VANCOUVER, BC: It looks as though New Gold will have to wait for more robust gold prices if it is to get its Blackwater project into production.
The company released a feasibility study on the big tonnage project in south-central B.C. and despite the study substantiating early work done on the project, its high price tag and low grade mean the company will likely have to wait for gold prices to rebound before it puts shovels in the ground.
Using a US$1,300 gold price and a US$22 per oz. silver price along with a 5% discount rate, the new feasibility study expects a future mine to generate a net present value (NPV) of $991 million, while the internal rate of return (IRR) is expected to be 11.3%.
BMO Capital Markets Brian Quast labelled the results “neutral”, noting that changes from the preliminary economic assessment (PEA) released last year were minor.
One slight change to the downside was life-of-mine silver recoveries, which went down to 49% from the previous estimate of 53%. Offsetting those lower recoveries, however, was a cut to operating costs. The anticipated reduction is a consequence of designing a smaller pit that would bring the strip ratio down to 1.88:1 from the previous 2.36:1.

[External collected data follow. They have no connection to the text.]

text \<open>Induced subgraphs are
  given by their vertex sets S \<subseteq> V (with E restricted to S).\<close>

definition simple_graph :: "'a set \<Rightarrow> ('a \<Rightarrow> 'a \<Rightarrow> bool) \<Rightarrow> bool" where
  "simple_graph V E \<longleftrightarrow> finite V \<and> (\<forall>u v. E u v \<longrightarrow> E v u)
     \<and> (\<forall>v. \<not> E v v) \<and> (\<forall>u v. E u v \<longrightarrow> u \<in> V \<and> v \<in> V)"

definition is_clique :: "'a set \<Rightarrow> ('a \<Rightarrow> 'a \<Rightarrow> bool) \<Rightarrow> 'a set \<Rightarrow> bool" where
  "is_clique V E S \<longleftrightarrow> S \<subseteq> V \<and> (\<forall>u\<in>S. \<forall>v\<in>S. u \<noteq> v \<longrightarrow> E u v)"

definition is_indep :: "'a set \<Rightarrow> ('a \<Rightarrow> 'a \<Rightarrow> bool) \<Rightarrow> 'a set \<Rightarrow> bool" where
  "is_indep V E S \<longleftrightarrow> S \<subseteq> V \<and> (\<forall>u\<in>S. \<forall>v\<in>S. \<not> E u v)"

definition clique_number :: "'a set \<Rightarrow> ('a \<Rightarrow> 'a \<Rightarrow> bool) \<Rightarrow> nat" where
  "clique_number V E = Max (card ` {S. is_clique V E S})"

definition indep_number :: "'a set \<Rightarrow> ('a \<Rightarrow> 'a \<Rightarrow> bool) \<Rightarrow> nat" where
  "indep_number V E = Max (card ` {S. is_indep V E S})"

definition is_colouring :: "'a set \<Rightarrow> ('a \<Rightarrow> 'a \<Rightarrow> bool) \<Rightarrow> nat \<Rightarrow> ('a \<Rightarrow> nat) \<Rightarrow> bool" where
  "is_colouring V E k f \<longleftrightarrow> f ` V \<subseteq> {..<k} \<and> (\<forall>u\<in>V. \<forall>v\<in>V. E u v \<longrightarrow> f u \<noteq> f v)"
(* Let $k$ be an $\mathbf{F}_p$-algebra, $m\in\mathbf{N}\cup\{\infty\}$, and $A:=k[[\pi]]/(\pi^{m+1})$. The function $\phi:A\to\operatorname{HS}^m(k)[[\pi]]/(\pi^{m+1})$ defined by $$\phi\Big(\sum_{i=0}^ma_i\pi^i\Big):=\sum_{n=0}^m\sum_{i=0}^nd^{[n-i]}a_i\,\pi^n\qquad(a_i\in k)$$ is a ring homomorphism.
   Context: For a ring $R$ and $m\in\mathbf{N}\cup\{\infty\}$, $\operatorname{HS}^m(R):=\mathbf{Z}[d^{[n]}a\mid a\in R,0\le n\le m]/\sim$, where $\sim$ is generated by the relations $d^{[n]}(a+b)=d^{[n]}a+d^{[n]}b$, $d^{[n]}(ab)=\sum_{i+j=n}d^{[i]}a\,d^{[j]}b$, and $d^{[0]}1=1$. Here $\pi^{\infty+1}:=0$, so for $m=\infty$ the rings are ordinary power series rings. *)

theory Defs
  imports "HOL-Algebra.Algebra" "HOL-Library.Poly_Mapping" "HOL-Library.Extended_Nat" "HOL-Computational_Algebra.Primes"
begin

definition tcring :: "('a::comm_ring_1) ring" where
  "tcring = \<lparr>carrier = UNIV, monoid.mult = (*), one = 1, ring.zero = 0, ring.add = (+)\<rparr>"

text \<open>Truncated power series R[[pi]]/(pi^(m+1)), m an extended natural
  (m = \<infinity> gives ordinary power series).  Elements are coefficient sequences
  which vanish beyond index m.\<close>
definition trunc_ps :: "('a, 'b) ring_scheme \<Rightarrow> enat \<Rightarrow> (nat \<Rightarrow> 'a) ring" where
  "trunc_ps R m =
    \<lparr>carrier = {f. (\<forall>n. f n \<in> carrier R) \<and> (\<forall>n. \<not> enat n \<le> m \<longrightarrow> f n = \<zero>\<^bsub>R\<^esub>)},
     monoid.mult = (\<lambda>f g n. if enat n \<le> m
                      then (\<Oplus>\<^bsub>R\<^esub> i\<in>{..n}. f i \<otimes>\<^bsub>R\<^esub> g (n - i)) else \<zero>\<^bsub>R\<^esub>),
     one = (\<lambda>n. if n = 0 then \<one>\<^bsub>R\<^esub> else \<zero>\<^bsub>R\<^esub>),
     ring.zero = (\<lambda>n. \<zero>\<^bsub>R\<^esub>),
     ring.add = (\<lambda>f g n. if enat n \<le> m then f n \<oplus>\<^bsub>R\<^esub> g n else \<zero>\<^bsub>R\<^esub>)\<rparr>"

The project has proven and probable reserves of 344.4 million tonnes grading 0.74 grams gold and 5.5 grams silver for 8.17 million oz. of gold and 60.8 million oz. of silver.
But lower costs on the operating side didn’t transfer over into capex, as that estimate went up by roughly $110 million and is now forecasted at $2.5 billion. The bulk of the added building costs is connect to the new plan to expand the tailings dam.
BMO’s Quast expects a future mine to ring in average annual production of 472,000 gold equivalent oz. with cash costs of $603 per oz. His previous estimate was for annual production of 468,000 oz at cash costs of $630 per oz.
And while that updated forecast does boost Quast’s projected post-tax NPV for Blackwater by $26 million, he wrote in his research note that the amount is enough to push the needle on valuation.
“While [the new forecast] is an 80% increase in the NPV for the project, it does not impact valuation for the company as a whole given Blackwater accounts for only 1% of the company’s total NPV,” he wrote.
Blackwater’s negligible impact on the company’s bottom line at this point combined with a continued fall in metal prices since Quast’s last valuation resulted in the analyst cutting his target price to $7.00 per share from the previous $8.50. He did, however, maintain an ‘outperform’ rating on the stock.
Another analyst that largely agreed with Quast’s assessment was CIBC’s Alec Kodatsky. In his research note Kodatksy was also bearish on the prospect of a mine at Blackwater being built any time soon.
“Given the scale of the capex, the pre-tax return profile and NGD’s desire to fund development largely from operating cash flow, we think Blackwater only goes ahead at higher gold prices. This places increased priority on Rainy River, which is expected to have more modest capital requirements,” CIBC analyst Alec Kodatsky wrote in his report.
New Gold completed its acquisition of Rainy River Resources and its Rainy River project in northwestern Ontario earlier this year. The project is set to get the bulk of New Gold’s attention as it drives towards getting an updated feasibility study finished early next year.